### EXERCISE DATA
......
(* Let $q>0$, let $S\subset\mathbb{H}^3$ be a sphere of hyperbolic radius $q$ centred at $p\in\mathbb{H}^3$, let $n\geq2$ and let $u_1,\dots,u_n\in T_p\mathbb{H}^3$ be unit vectors. Let $p_i$ be the intersection point of $S$ with $\mathrm{geod}(p,u_i)(\mathbb R_+)$. For each $i$ let $S_i\subset\mathbb{H}^3$ be the sphere of hyperbolic radius $q$ such that $S\cap S_i=\{p_i\}$, and let $\theta_{ij}$ be the angle between $u_i$ and $u_j$. If for all $i\neq j$ $$\theta_{ij}>2\arcsin\left(\frac{1}{2\cosh q}\right),$$ then $S_i\cap S_j=\emptyset$ for all $i\neq j$.
   Context: For $p\in\mathbb{H}^3$ and a unit vector $v\in T_p\mathbb{H}^3$, $\mathrm{geod}(p,v)$ denotes the unit-speed geodesic through $p$ with initial velocity $v$. *)

theory Defs
  imports "HOL-Analysis.Analysis"
begin

text \<open>Hyperboloid model of hyperbolic 3-space inside Minkowski space R x R^3.\<close>

type_synonym mpoint = "real \<times> (real^3)"

definition mink :: "mpoint \<Rightarrow> mpoint \<Rightarrow> real" where
  "mink x y = - fst x * fst y + snd x \<bullet> snd y"

definition H3 :: "mpoint set" where
  "H3 = {x. mink x x = -1 \<and> fst x > 0}"

definition hdist :: "mpoint \<Rightarrow> mpoint \<Rightarrow> real" where
  "hdist x y = arcosh (- mink x y)"

definition tangent :: "mpoint \<Rightarrow> mpoint set" where
  "tangent p = {v. mink p v = 0}"

definition unit_tangent :: "mpoint \<Rightarrow> mpoint \<Rightarrow> bool" where
  "unit_tangent p v \<longleftrightarrow> v \<in> tangent p \<and> mink v v = 1"

definition geod :: "mpoint \<Rightarrow> mpoint \<Rightarrow> real \<Rightarrow> mpoint" where
  "geod p v t = cosh t *\<^sub>R p + sinh t *\<^sub>R v"

text \<open>Angle between two unit tangent vectors (Riemannian metric = Minkowski form on T_p).\<close>
definition tangent_angle :: "mpoint \<Rightarrow> mpoint \<Rightarrow> real" where
  "tangent_angle u v = arccos (mink u v)"

definition hsphere :: "mpoint \<Rightarrow> real \<Rightarrow> mpoint set" where
  "hsphere c r = {x \<in> H3. hdist c x = r}"
lemma neighbours_eq_out_neighbours: "neighbours E x = out_neighbours E x {x}"
  by (auto simp: neighbours_def out_neighbours_def)

lemma edge_boundary_eq_Sigma: "edge_boundary E K = Sigma K (\<lambda>k. out_neighbours E k K)"
  by (auto simp: edge_boundary_def out_neighbours_def)

lemma graph_symp: "graph V E \<Longrightarrow> symp E"
  by (auto simp: graph_def symp_def)

lemma automorphism_image_out_neighbours:
  assumes g: "graph V E" and f: "graph_automorphism V E f" and x: "x \<in> V" and K: "K \<subseteq> V"
  shows "f ` out_neighbours E x K = out_neighbours E (f x) (f ` K)"
proof -
  have bij: "bij_betw f V V" and E: "\<And>u v. u \<in> V \<Longrightarrow> v \<in> V \<Longrightarrow> E (f u) (f v) \<longleftrightarrow> E u v"
    using f by (auto simp: graph_automorphism_def)
  have EV: "\<And>a b. E a b \<Longrightarrow> b \<in> V"
    using g by (auto simp: graph_def)
  have K_iff: "f u \<in> f ` K \<longleftrightarrow> u \<in> K" if "u \<in> V" for u
    using inj_on_image_mem_iff[OF bij_betw_imp_inj_on[OF bij] that K] .
  show ?thesis
  proof
    show "f ` out_neighbours E x K \<subseteq> out_neighbours E (f x) (f ` K)"
    proof
      fix t assume "t \<in> f ` out_neighbours E x K"
      then obtain u where u: "E x u" "u \<notin> K" "t = f u"
        by (auto simp: out_neighbours_def)
      then show "t \<in> out_neighbours E (f x) (f ` K)"
        using E[OF x EV[OF u(1)]] K_iff[OF EV[OF u(1)]] by (simp add: out_neighbours_def)
    qed
    show "out_neighbours E (f x) (f ` K) \<subseteq> f ` out_neighbours E x K"
    proof
      fix t assume t: "t \<in> out_neighbours E (f x) (f ` K)"
      then have "t \<in> V"
        using EV by (auto simp: out_neighbours_def)
      then obtain u where u: "u \<in> V" "t = f u"
        using bij by (metis bij_betw_imp_surj_on imageE)
      then show "t \<in> f ` out_neighbours E x K"
        using t E[OF x u(1)] K_iff[OF u(1)] by (auto simp: out_neighbours_def)
    qed
  qed
qed

lemma card_out_neighbours_automorphism:
  assumes g: "graph V E" and f: "graph_automorphism V E f" and x: "x \<in> V" and K: "K \<subseteq> V"
  shows "card (out_neighbours E (f x) (f ` K)) = card (out_neighbours E x K)"
    "finite (out_neighbours E (f x) (f ` K)) \<longleftrightarrow> finite (out_neighbours E x K)"
proof -
  have "out_neighbours E x K \<subseteq> V"
    using g by (auto simp: graph_def out_neighbours_def)
  moreover have "inj_on f V"
    using f by (auto simp: graph_automorphism_def bij_betw_def)
  ultimately have inj: "inj_on f (out_neighbours E x K)"
    by (rule inj_on_subset[rotated])
  show "card (out_neighbours E (f x) (f ` K)) = card (out_neighbours E x K)"
    using card_image[OF inj] automorphism_image_out_neighbours[OF assms] by simp
  show "finite (out_neighbours E (f x) (f ` K)) \<longleftrightarrow> finite (out_neighbours E x K)"
    using finite_image_iff[OF inj] automorphism_image_out_neighbours[OF assms] by simp
qed

lemma automorphism_neighbours:
  assumes "graph V E" "graph_automorphism V E f" "x \<in> V"
  shows "card (neighbours E (f x)) = card (neighbours E x)"
    "finite (neighbours E (f x)) \<longleftrightarrow> finite (neighbours E x)"
  using card_out_neighbours_automorphism[OF assms, of "{x}"] assms(3)
  by (simp_all add: neighbours_eq_out_neighbours)

lemma vertex_transitive_neighbours:
  assumes "graph V E" "vertex_transitive V E" "v \<in> V" "x \<in> V"
  shows "card (neighbours E x) = card (neighbours E v)"
    "finite (neighbours E x) \<longleftrightarrow> finite (neighbours E v)"
proof -
  have "\<exists>f. graph_automorphism V E f \<and> f v = x"
    using assms(2-4) by (simp add: vertex_transitive_def)
  then obtain f where f: "graph_automorphism V E f" "f v = x"
    by blast
  show "card (neighbours E x) = card (neighbours E v)"
    "finite (neighbours E x) \<longleftrightarrow> finite (neighbours E v)"
    using automorphism_neighbours[OF assms(1) f(1) assms(3)] f(2) by simp_all
qed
......
### YOUR OBJECTIVE
Go through the material and copy every line in which the word "real" occurs.

### EXERCISE ANSWER
type_synonym mpoint = "real \<times> (real^3)"
definition mink :: "mpoint \<Rightarrow> mpoint \<Rightarrow> real" where
definition hdist :: "mpoint \<Rightarrow> mpoint \<Rightarrow> real" where
definition geod :: "mpoint \<Rightarrow> mpoint \<Rightarrow> real \<Rightarrow> mpoint" where
definition tangent_angle :: "mpoint \<Rightarrow> mpoint \<Rightarrow> real" where
definition hsphere :: "mpoint \<Rightarrow> real \<Rightarrow> mpoint set" where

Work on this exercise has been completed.